┌─ Information shown
lemma mu_eq_ideal_length:
  assumes N: "is_ideal N"
  shows "mu N = ideal_length (ideal_prod mm N) N"
    and "comp_series (ideal_prod mm N) N (ideal_length (ideal_prod mm N) N)"
proof -
  let ?J = "ideal_prod mm N"
  have J: "is_ideal ?J" "?J \<subseteq> N"
    using is_ideal_ideal_prod ideal_prod_subset_right[OF N] by auto
  have killed: "x * r \<in> ?J" if "x \<in> N" "r \<in> mm" for x r
    using ideal_prod_mem[OF that(2,1)] by (simp add: mult.commute)
  have "(finite F \<and> card F = d \<and> F \<subseteq> N \<and> ideal_span F = N) \<longleftrightarrow>
        (finite F \<and> card F = d \<and> F \<subseteq> N \<and> N \<subseteq> ideal_plus (ideal_span F) ?J)" for F d
    using nakayama[OF N is_ideal_ideal_span ideal_span_least[OF N]] ideal_plus_upper1[OF J(1), of N]
    by auto
  then have "mu N = (LEAST d. \<exists>F. finite F \<and> card F = d \<and> F \<subseteq> N \<and> N \<subseteq> ideal_plus (ideal_span F) ?J)"
    unfolding mu_def by simp
  then show "mu N = ideal_length ?J N" "comp_series ?J N (ideal_length ?J N)"
    using least_generators_eq_ideal_length[OF J(1) N J(2) killed] by auto
qed

lemma mu_le_card:
  assumes "is_ideal N" "finite F" "F \<subseteq> N" "N \<subseteq> ideal_plus (ideal_span F) (ideal_prod mm N)"
  shows "mu N \<le> card F"
proof -
  have "ideal_span F = N"
    using nakayama[OF assms(1) is_ideal_ideal_span ideal_span_least[OF assms(1,3)]] assms(4) by simp
  then show ?thesis
    unfolding mu_def using assms(2,3) by (intro Least_le) auto
qed

lemma hilb_eq_ideal_length:
  "hilb TYPE('a) n = ideal_length (mpow (Suc n)) (mpow n)"
  "comp_series (mpow (Suc n)) (mpow n) (hilb TYPE('a) n)"
proof -
  have killed: "x * r \<in> mpow (Suc n)" if "x \<in> mpow n" "r \<in> mm" for x r
    using ideal_prod_mem[OF that(2,1)] by (simp add: mult.commute)
  have "hilb TYPE('a) n = (LEAST d. \<exists>F. finite F \<and> card F = d \<and> F \<subseteq> mpow n \<and>
                                        mpow n \<subseteq> ideal_plus (ideal_span F) (mpow (Suc n)))"
    unfolding hilb_def ideal_plus_def ..
  then show "hilb TYPE('a) n = ideal_length (mpow (Suc n)) (mpow n)"
    "comp_series (mpow (Suc n)) (mpow n) (hilb TYPE('a) n)"
    using least_generators_eq_ideal_length[OF is_ideal_mpow is_ideal_mpow ideal_pow_Suc_subset killed]
    by auto
qed

lemma comp_series_mpow: "comp_series (mpow (n + k)) (mpow n) (\<Sum>i = n..<n + k. hilb TYPE('a) i)"
proof (induction k)
  case 0
  show ?case
    using comp_series_refl[OF is_ideal_mpow] by simp
next
  case (Suc k)
  show ?case
    using comp_series_trans[OF Suc hilb_eq_ideal_length(2)[of "n + k"]] by (simp add: add.commute)
qed

lemma comp_series_UNIV: "comp_series {0::'a} UNIV (\<Sum>i<e. hilb TYPE('a) i)"
  using comp_series_mpow[of 0 e] max_ideal_nilpotent by (simp add: atLeast0LessThan)

text \<open>The ring has finite length, so every interval of ideals has a composition series.\<close>

lemma comp_series_ideal_length:
  fixes J I :: "'a set"
  assumes "is_ideal J" "is_ideal I" "J \<subseteq> I"
  shows "comp_series J I (ideal_length J I)"
proof -
  have "m \<le> (\<Sum>i<e. hilb TYPE('a) i)" if "ideal_chain J I m" for m
  proof -
    have bottom: "ideal_chain {0} J 0"
      using ideal_chain_weak[OF ideal_chain_refl[OF is_ideal_zero] assms(1)] ideal_0[OF assms(1)]
      by simp
    have top: "ideal_chain I UNIV 0"
      using ideal_chain_weak[OF ideal_chain_refl[OF assms(2)] is_ideal_UNIV] by simp
    have "ideal_chain {0::'a} UNIV (0 + m + 0)"
      by (rule ideal_chain_trans[OF top ideal_chain_trans[OF that bottom]])
    then show ?thesis
      using ideal_chain_le_comp_series[OF comp_series_UNIV] by simp
  qed
  then obtain n where n: "comp_series J I n"
    using comp_series_if_ideal_chain_bounded[OF assms] by blast
  then show ?thesis
    using ideal_length_eq[OF n] by simp
qed

lemma ideal_length_add:
  fixes J K I :: "'a set"
  assumes "is_ideal J" "is_ideal K" "is_ideal I" "J \<subseteq> K" "K \<subseteq> I"
  shows "ideal_length J I = ideal_length J K + ideal_length K I"
  by (rule ideal_length_eq, rule comp_series_trans)
     (use assms in \<open>auto intro: comp_series_ideal_length\<close>)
└─
Wherever a line of the records above contains the string "simp", copy that line out.

    using ideal_prod_mem[OF that(2,1)] by (simp add: mult.commute)
    unfolding mu_def by simp
    using nakayama[OF assms(1) is_ideal_ideal_span ideal_span_least[OF assms(1,3)]] assms(4) by simp
    using ideal_prod_mem[OF that(2,1)] by (simp add: mult.commute)
    using comp_series_refl[OF is_ideal_mpow] by simp
    using comp_series_trans[OF Suc hilb_eq_ideal_length(2)[of "n + k"]] by (simp add: add.commute)
  using comp_series_mpow[of 0 e] max_ideal_nilpotent by (simp add: atLeast0LessThan)
      by simp
      using ideal_chain_weak[OF ideal_chain_refl[OF assms(2)] is_ideal_UNIV] by simp
      using ideal_chain_le_comp_series[OF comp_series_UNIV] by simp
    using ideal_length_eq[OF n] by simp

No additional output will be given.